After running several tests, I came to the conclusion that it all depends how you ask the question.

If one queries for both A and AAAA records at the same time using getaddrinfo(AF_UNSPEC), then all the answers are apparently always cached, even if multiple A or AAAA records exist.

If one queries for JUST A records using getaddrinfo(AF_INET), or JUST AAAA records using getaddrinfo(AF_INET6), then the answers are not cached if multiple records are returned.

In the source code, I think I can see that nscd's getaddrinfo() hook actually calls gethostbyname() or gethostbyname2() instead when called with AF_INET or AF_INET6 as the preferred address family, and the gethostbyname/gethostbyname2 code tree employs a different caching policy.

In the ideal world, I feel, nscd should be able to cache any A and AAAA records irrespective of how the question is made, AND it ought to emulate/preserve the DNS Round Robin feature so that a balancing functionality can be maintained.

If DNSRR capability is difficult to preserve, a sysadmin might prefer to use lwresd, but I don't believe one can hook into the lwres libraries via nsswitch.conf, which is an awful shame. Can this be fixed?

If a proper cache-always+DNSRR fix is too tricky for the present, it might be more consistent in the meantime to get nscd to NOT cache a getaddrinfo(AF_UNSPEC) response if there are either multiple A records OR multiple AAAA records, ( but DO cache if there is one A record and one AAAA record ).


Version-Release number of selected component (if applicable):

nscd-2.5-42.el5_4.3


How reproducible:

Use ssh against a DNS name which has multiple A and AAAA records, but where none of the hosts referenced are running sshd.

At the same time, monitor DNS traffic from the client host, with nscd running.

"ssh hostname" will use getaddrinfo(AF_UNSPEC) to ask for all A and AAAA records, "ssh -4 hostname" will use getaddrinfo(AF_INET) to ask for just A records, and "ssh -6 hostname" will use getaddrinfo(AF_INET6) to ask for just AAAA records.

Probing nscd/DNS with the different ssh requests will show how some DNS responses are cached, and some not.

The additional test is to use the same "ssh" calls against hostnames corresponding to one A record and one AAAA record.

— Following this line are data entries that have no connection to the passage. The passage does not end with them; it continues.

lemma anisotropic_phi_over_kt:
  fixes a :: "nat \<Rightarrow> nat \<Rightarrow> 'k::field_char_0" and v :: "nat \<Rightarrow> 'k poly fract"
  assumes an: "anisotropic_phi a m" and zero: "phi_eval emb_kt a m v = 0"
  shows "\<forall>i\<le>m. v i = 0"
proof (intro allI impI)
  fix i assume i: "i \<le> m"
  obtain R V where RV: "R \<noteq> 0" "\<forall>i\<le>m. to_fract R * v i = to_fract (V i)"
    using fract_common_denominator by blast
  have "to_fract (phi_eval (\<lambda>c. [:c:]) a m V) = phi_eval emb_kt a m (\<lambda>i. to_fract (V i))"
    by (rule phi_eval_hom[symmetric]) (simp_all add: emb_kt_conv_to_fract)
  also have "\<dots> = phi_eval emb_kt a m (\<lambda>i. to_fract R * v i)"
    by (rule phi_eval_cong) (simp add: RV)
  also have "\<dots> = 0" by (simp add: phi_eval_scale zero)
  finally have V_zero: "phi_eval (\<lambda>c. [:c:]) a m V = 0" by simp
  have "poly (V i) x = 0" for x
  proof -
    have "phi_eval id a m (\<lambda>j. poly (V j) x) = poly (phi_eval (\<lambda>c. [:c:]) a m V) x"
      by (rule phi_eval_hom) simp_all
    then have "phi_eval id a m (\<lambda>j. poly (V j) x) = 0" using V_zero by simp
    then show ?thesis using an i unfolding anisotropic_phi_def by blast
  qed
  then have "V i = 0" using poly_all_0_iff_0 by blast
  then have "to_fract R * v i = 0" using RV i by simp
  then show "v i = 0" using RV(1) by simp
qed

lemma one_minus_qf_in_D_phi:
  fixes a :: "nat \<Rightarrow> nat \<Rightarrow> 'k::field_char_0"
  assumes "anisotropic_phi a m"
  shows "1 - qf_eval emb_kt a m w \<in> D_phi emb_kt a m"
proof -
  let ?v = "\<lambda>i. if i = 0 then 1 else w (i - 1)"
  have "phi_eval emb_kt a m ?v \<noteq> 0"
    using anisotropic_phi_over_kt[OF assms, of ?v] by force
  moreover have "1 - qf_eval emb_kt a m w = phi_eval emb_kt a m ?v"
    by (rule phi_eval_one_tail[symmetric])
  ultimately show ?thesis unfolding D_phi_def by auto
qed

lemma D_phi_nonzero: "0 \<notin> D_phi e a m"
  unfolding D_phi_def by simp

lemma one_minus_qf_kt_nonzero:
  fixes a :: "nat \<Rightarrow> nat \<Rightarrow> 'k::field_char_0"
  assumes "anisotropic_phi a m"
  shows "1 - qf_eval emb_kt a m w \<noteq> 0"
  using one_minus_qf_in_D_phi[OF assms] D_phi_nonzero by metis

lemma qf_kt_nonzero:
  fixes a :: "nat \<Rightarrow> nat \<Rightarrow> 'k::field_char_0"
  assumes an: "anisotropic_phi a m" and "j < m" "w j \<noteq> 0"
  shows "qf_eval emb_kt a m w \<noteq> 0"
proof
  assume "qf_eval emb_kt a m w = 0"
  then have "phi_eval emb_kt a m (\<lambda>i. if i = 0 then 0 else w (i - 1)) = 0"
    unfolding phi_eval_def by simp
  then have "\<forall>i\<le>m. (if i = 0 then 0 else w (i - 1)) = 0"
    by (rule anisotropic_phi_over_kt[OF an])
  then show False using assms(2,3) by (auto dest: spec[of _ "Suc j"])
qed

lemma gen_subgroup_mult:
  assumes "x \<in> gen_subgroup S" "y \<in> gen_subgroup S"
  shows "x * y \<in> gen_subgroup S"
  using assms(2)
proof (induction y rule: gen_subgroup.induct)
  case one
  then show ?case using assms(1) by simp
next
  case (mult y d)
  then show ?case using gen_subgroup.mult[of "x * y" S d] by (simp add: mult.assoc)
next
  case (mult_inv y d)
  then show ?case using gen_subgroup.mult_inv[of "x * y" S d] by (simp add: mult.assoc)
qed

lemma gen_subgroup_inverse: "x \<in> gen_subgroup S \<Longrightarrow> inverse x \<in> gen_subgroup S"
proof (induction x rule: gen_subgroup.induct)
  case (mult x d)
  then show ?case using gen_subgroup.mult_inv[of "inverse x" S d] by (simp add: mult.commute)
next
  case (mult_inv x d)
  then show ?case using gen_subgroup.mult[of "inverse x" S d] by (simp add: mult.commute)
qed (simp add: gen_subgroup.one)

lemma gen_subgroup_divide:
  "x \<in> gen_subgroup S \<Longrightarrow> y \<in> gen_subgroup S \<Longrightarrow> x / y \<in> gen_subgroup S"
  by (simp add: divide_inverse gen_subgroup_mult gen_subgroup_inverse)

lemma gen_subgroup_generator: "d \<in> S \<Longrightarrow> d \<in> gen_subgroup S"
  using gen_subgroup.mult[OF gen_subgroup.one] by fastforce
(* Let $d\ge1$, let $\mu$ be a probability measure on $(0,+\infty)$ and fix $\alpha>0$. Then, almost surely, for every $x\in\mathbb{R}^d\setminus B$, $$\frac{T(B,x)}{\|x\|}\ge \alpha\left(1-S_{\|x\|}(\xi_\alpha)-\frac{1}{\|x\|}\right).$$
   Context: $B_r$ is the closed Euclidean ball of radius $r$ centered at $0$, $B=B_1$. Let $\chi$ be a Poisson point process on $\mathbb{R}^d\times[0,+\infty)\times(0,+\infty)$ with intensity the product of Lebesgue measure on $\mathbb{R}^d\times[0,+\infty)$ and $\mu$. Passage times: $\tau(x,x)=0$; for each $(c,t,r)\in\chi$ and $y\in(c+B_r)\setminus\{c\}$, $\tau(c,y)=t$; otherwise $\tau(x,y)=+\infty$. A path is a finite sequence $\pi=(x_0,\dots,x_k)$ of distinct points of $\mathbb{R}^d$; $T(\pi)=\sum_{i=0}^{k-1}\tau(x_i,x_{i+1})$, and $T(A,x)=\inf\{T(\pi):\pi\text{ a path from some }a\in A\text{ to }x\}$. Define $\xi_\alpha=\{(c,r):\exists t\le\alpha r,\ (c,t,r)\in\chi\}$, a Poisson point process on $\mathbb{R}^d\times(0,+\infty)$ with intensity Lebesgue $\otimes\,\alpha r\mu(dr)$. For $x\in\mathbb{R}^d$, $r(x)=r$ if $(x,r)\in\xi_\alpha$ (a.s. unique), and $r(x)=0$ otherwise. For a path $\pi=(x_0,\dots,x_n)$, $|\pi|=\sum_{i=0}^{n-1}\|x_{i+1}-x_i\|$ and $A(\pi)=\sum_{i=0}^n r(x_i)$. For $l>0$, $S_l(\xi_\alpha)=\sup\{A(\pi)/|\pi|\}$ over all paths with $x_0=0$ and $|\pi|>l$. *)

theory Defs
  imports "HOL-Probability.Probability"
begin

text \<open>Points of the Poisson process: (centre c, time t, radius r).\<close>
type_synonym 'd pt = "(real ^ 'd) \<times> real \<times> real"

definition intensity :: "real measure \<Rightarrow> ('d::finite) pt measure" where
  "intensity \<mu> = lborel \<Otimes>\<^sub>M (density lborel (indicator {0..}) \<Otimes>\<^sub>M \<mu>)"

definition poisson_point_process :: "'a measure \<Rightarrow> ('a \<Rightarrow> 'b set) \<Rightarrow> 'b measure \<Rightarrow> bool" where
  "poisson_point_process M N \<nu> \<longleftrightarrow>
     prob_space M \<and>
     (\<forall>A \<in> sets \<nu>. emeasure \<nu> A < \<infinity> \<longrightarrow>
        (\<lambda>\<omega>. card (N \<omega> \<inter> A)) \<in> measurable M (count_space UNIV) \<and>
        (AE \<omega> in M. finite (N \<omega> \<inter> A)) \<and>
        (\<forall>k::nat. measure M {\<omega> \<in> space M. card (N \<omega> \<inter> A) = k}
             = measure \<nu> A ^ k / fact k * exp (- measure \<nu> A))) \<and>
     (\<forall>A \<in> sets \<nu>. emeasure \<nu> A = \<infinity> \<longrightarrow> (AE \<omega> in M. infinite (N \<omega> \<inter> A))) \<and>
     (\<forall>I (A :: nat \<Rightarrow> 'b set). finite I \<longrightarrow> (\<forall>i\<in>I. A i \<in> sets \<nu> \<and> emeasure \<nu> (A i) < \<infinity>)
        \<longrightarrow> disjoint_family_on A I \<longrightarrow>
        prob_space.indep_vars M (\<lambda>_. count_space UNIV) (\<lambda>i \<omega>. card (N \<omega> \<inter> A i)) I)"
(* Let $n\ge4$ and let $\mathcal{U}$ be a non-degenerate $n$-gon with $\operatorname{Len}(\mathcal{U})=1$ whose interior angles satisfy $\frac{\pi}{2}\le\alpha_i<\pi$. Then any corresponding folded ribbon unknot $\mathcal{U}_{w,F}$ has ribbon width $w\le \frac{1}{n\cot(\frac{\pi}{n})}$, and $w$ is maximized when $\mathcal{U}$ is equiangular.
   Context: Non-degenerate $n$-gon: side lengths nonzero, interior angles not equal to $\pi$. For width $w>0$, the folded ribbon $\mathcal{U}_{w,F}$ is a flat strip of width $w$ centred on $\mathcal{U}$ (boundary parallel to and at distance $w/2$ from each edge), folded at each vertex along a fold line through the vertex perpendicular to the bisector of the angle there; it must be a piecewise-linear immersion of an annulus or Möbius band into the plane whose only singularities are the pairwise disjoint fold lines, with consistent crossing information. $F$ is the folding information (which layer lies on top at each fold). *)

theory Defs
  imports "HOL-Analysis.Analysis"
begin

text \<open>An n-gon is given by its vertices v 0, ..., v (n-1) in the plane (modelled as
  complex numbers); indices are taken cyclically.\<close>

definition nxt :: "nat \<Rightarrow> nat \<Rightarrow> nat" where
  "nxt n i = Suc i mod n"
(* Let $k\ge r\ge3$ and $m\ge0$ be integers. Let $\pi$ be a partition in $\mathbb{C}(k,r)$ with no odd parts, and let $N_2=N_2(\pi)$ be the number of parts marked $2$ in $GG(\pi)$. Then $\pi\in\mathbb{C}_{<}(k,r|m)$ if and only if $m\ge N_2$.
   Context: A partition $\pi=(\pi_1,\dots,\pi_\ell)$ is a finite non-increasing sequence of positive integers; "$a$ occurs in $\pi$" means $a=\pi_i$ for some $i$. Göllnitz–Gordon marking: $GG(\pi)$ assigns a positive integer (mark) to each part, processing the parts from smallest to largest; $\pi_i$ receives the smallest positive integer different from the marks of all parts $\pi_g$ with $g>i$ and $\pi_i-\pi_g\le 2$, where $\pi_i-\pi_g<2$ is required when $\pi_i$ is odd. An "$r$-marked part $a$" is a part equal to $a$ with mark $r$. $N_i(\pi)$ is the number of parts with mark $i$; $\pi^{(i)}_1\ge\dots\ge\pi^{(i)}_{N_i(\pi)}$ are the parts with mark $i$, with $\pi^{(i)}_0=+\infty$, $\pi^{(i)}_{N_i(\pi)+1}=-\infty$. $\mathbb{C}(k,r)$: partitions with (i) no odd part repeated; (ii) $\pi_i\ge\pi_{i+k-1}+2$ for $1\le i\le\ell-k+1$, strict if $\pi_i$ even; (iii) at most $r-1$ parts $\le 2$. Starting types: for $\pi\in\mathbb{C}(k,r)$ with $N_2=N_2(\pi)\ge1$, let $l$ be the largest integer in $\{0,\dots,N_2\}$ such that no odd part of $\pi$ is $\ge\pi^{(2)}_l$; for $l<i\le N_2$, $\pi^{(2)}_i$ has type $s_{-1}$. For $b=1,\dots,l$ in increasing order, type and auxiliary $\sigma_b$: for $b=1$: Case 1: 1-marked part $\pi^{(2)}_1-1$ exists and $\pi^{(2)}_1+2$ does not occur: type $s_0$, $\sigma_1=\pi^{(2)}_1-1$; Case 2: 1-marked $\pi^{(2)}_1-2$ exists and $\pi^{(2)}_1+2$ does not occur: type $s_1$, $\sigma_1=\pi^{(2)}_1-2$; Case 3: 1-marked $\pi^{(2)}_1+2$ exists: type $s_2$, $\sigma_1=\pi^{(2)}_1+2$; Case 4: 1-marked $\pi^{(2)}_1$ exists: type $s_3$, $\sigma_1=\pi^{(2)}_1$. For $2\le b\le l$: Case 1: 1-marked $\pi^{(2)}_b-1$ exists and, if a 1-marked $\pi^{(2)}_b+2$ exists, $\sigma_{b-1}=\pi^{(2)}_b+2$: type $s_0$, $\sigma_b=\pi^{(2)}_b-1$; Case 2: same with $\pi^{(2)}_b-2$: type $s_1$, $\sigma_b=\pi^{(2)}_b-2$; Case 3: 1-marked $\pi^{(2)}_b+2$ exists and $\sigma_{b-1}\ne\pi^{(2)}_b+2$: type $s_2$, $\sigma_b=\pi^{(2)}_b+2$; Case 4: 1-marked $\pi^{(2)}_b$ exists: type $s_3$, $\sigma_b=\pi^{(2)}_b$. $\mathbb{C}_{<}(k,r|p,t)$ (for $p,t\ge 0$): the set of $\pi\in\mathbb{C}(k,r)$ such that (1) no odd part is $\ge 2t+1$; (2) $\pi^{(2)}_{p+1}<2t+1<\pi^{(2)}_p$ (in particular $p\le N_2(\pi)$); (3) if $\pi^{(2)}_p=2t+2$ then it is of starting type $s_2$ or $s_3$; (4) if $\pi^{(2)}_{p+1}=2t$ then it is of starting type $s_0$ or $s_1$. For $m\ge0$, $\mathbb{C}_{<}(k,r|m)=\bigcup_{p,t\ge0,\ p+t=m}\mathbb{C}_{<}(k,r|p,t)$. *)

theory Defs
  imports Main
begin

This should result in the answers always being cached.

Comment 3 Jeff Law 2013-03-27 18:59:52 UTC
We're not going to try to address this in Red Hat Enterprise Linux 5; however, Red Hat Enterprise Linux 6 still needs to be evaluated to see if it suffers from this problem.

Comment 5 Mikael Fridh 2013-08-14 11:20:47 UTC
Present in EL6 (.4) as far as I can see. 

Fix coming in 6.5?

Comment 6 Mikael Fridh 2013-08-20 14:55:39 UTC
Code comment discussing this "special case":

http://sourceware.org/git/?p=glibc.git;a=blob;f=nscd/hstcache.c;h=0d421fcbbb5e8823b660973e08b73e15e0dac3c8;hb=HEAD#l240

This is hardly a special case anymore... Upstream bug filed:

http://sourceware.org/bugzilla/show_bug.cgi?id=15862

Comment 7 Carlos O'Donell 2013-08-23 18:20:08 UTC
(In reply to Mikael Fridh from comment #5)
> Present in EL6 (.4) as far as I can see. 
> 
> Fix coming in 6.5?

No fix is planned for rhel-6.5.

I will keep the status updated on this ticket as we make progress.

Comment 11 Carlos O'Donell 2015-01-07 03:08:35 UTC
While we have made progress on the upstream issue, and Alex has done some good work there, we still need to run this kind of change through significant upstream testing. Putting it into RHEL 6 is not a good plan in my opinion. Therefore I'm moving this bug directly to RHEL 7.2 for analysis and possible inclusion there.

Comment 19 Florian Weimer 2018-04-24 15:16:23 UTC
*** Bug 1568149 has been marked as a duplicate of this bug. ***

Comment 22 Thomas Oulevey 2019-06-17 11:04:29 UTC
Is there news for RHEL 7.7 ? 7.2 is long past ;-)

Comment 23 Carlos O'Donell 2019-06-25 16:50:57 UTC
Red Hat Enterprise Linux 7 is entering Maintenance Phase Support 1 this year and only Urgent priority bug fixes will be considered. This issue is not urgent and we are moving this to Red Hat Enterprise Linux 8 for further consideration.

Comment 24 Florian Weimer 2019-07-02 15:42:27 UTC
This needs to be fixed upstream first.

Our long-standing recommendation is to use a local caching resolver on the host in addition to nscd, and not cache hosts in nscd at all.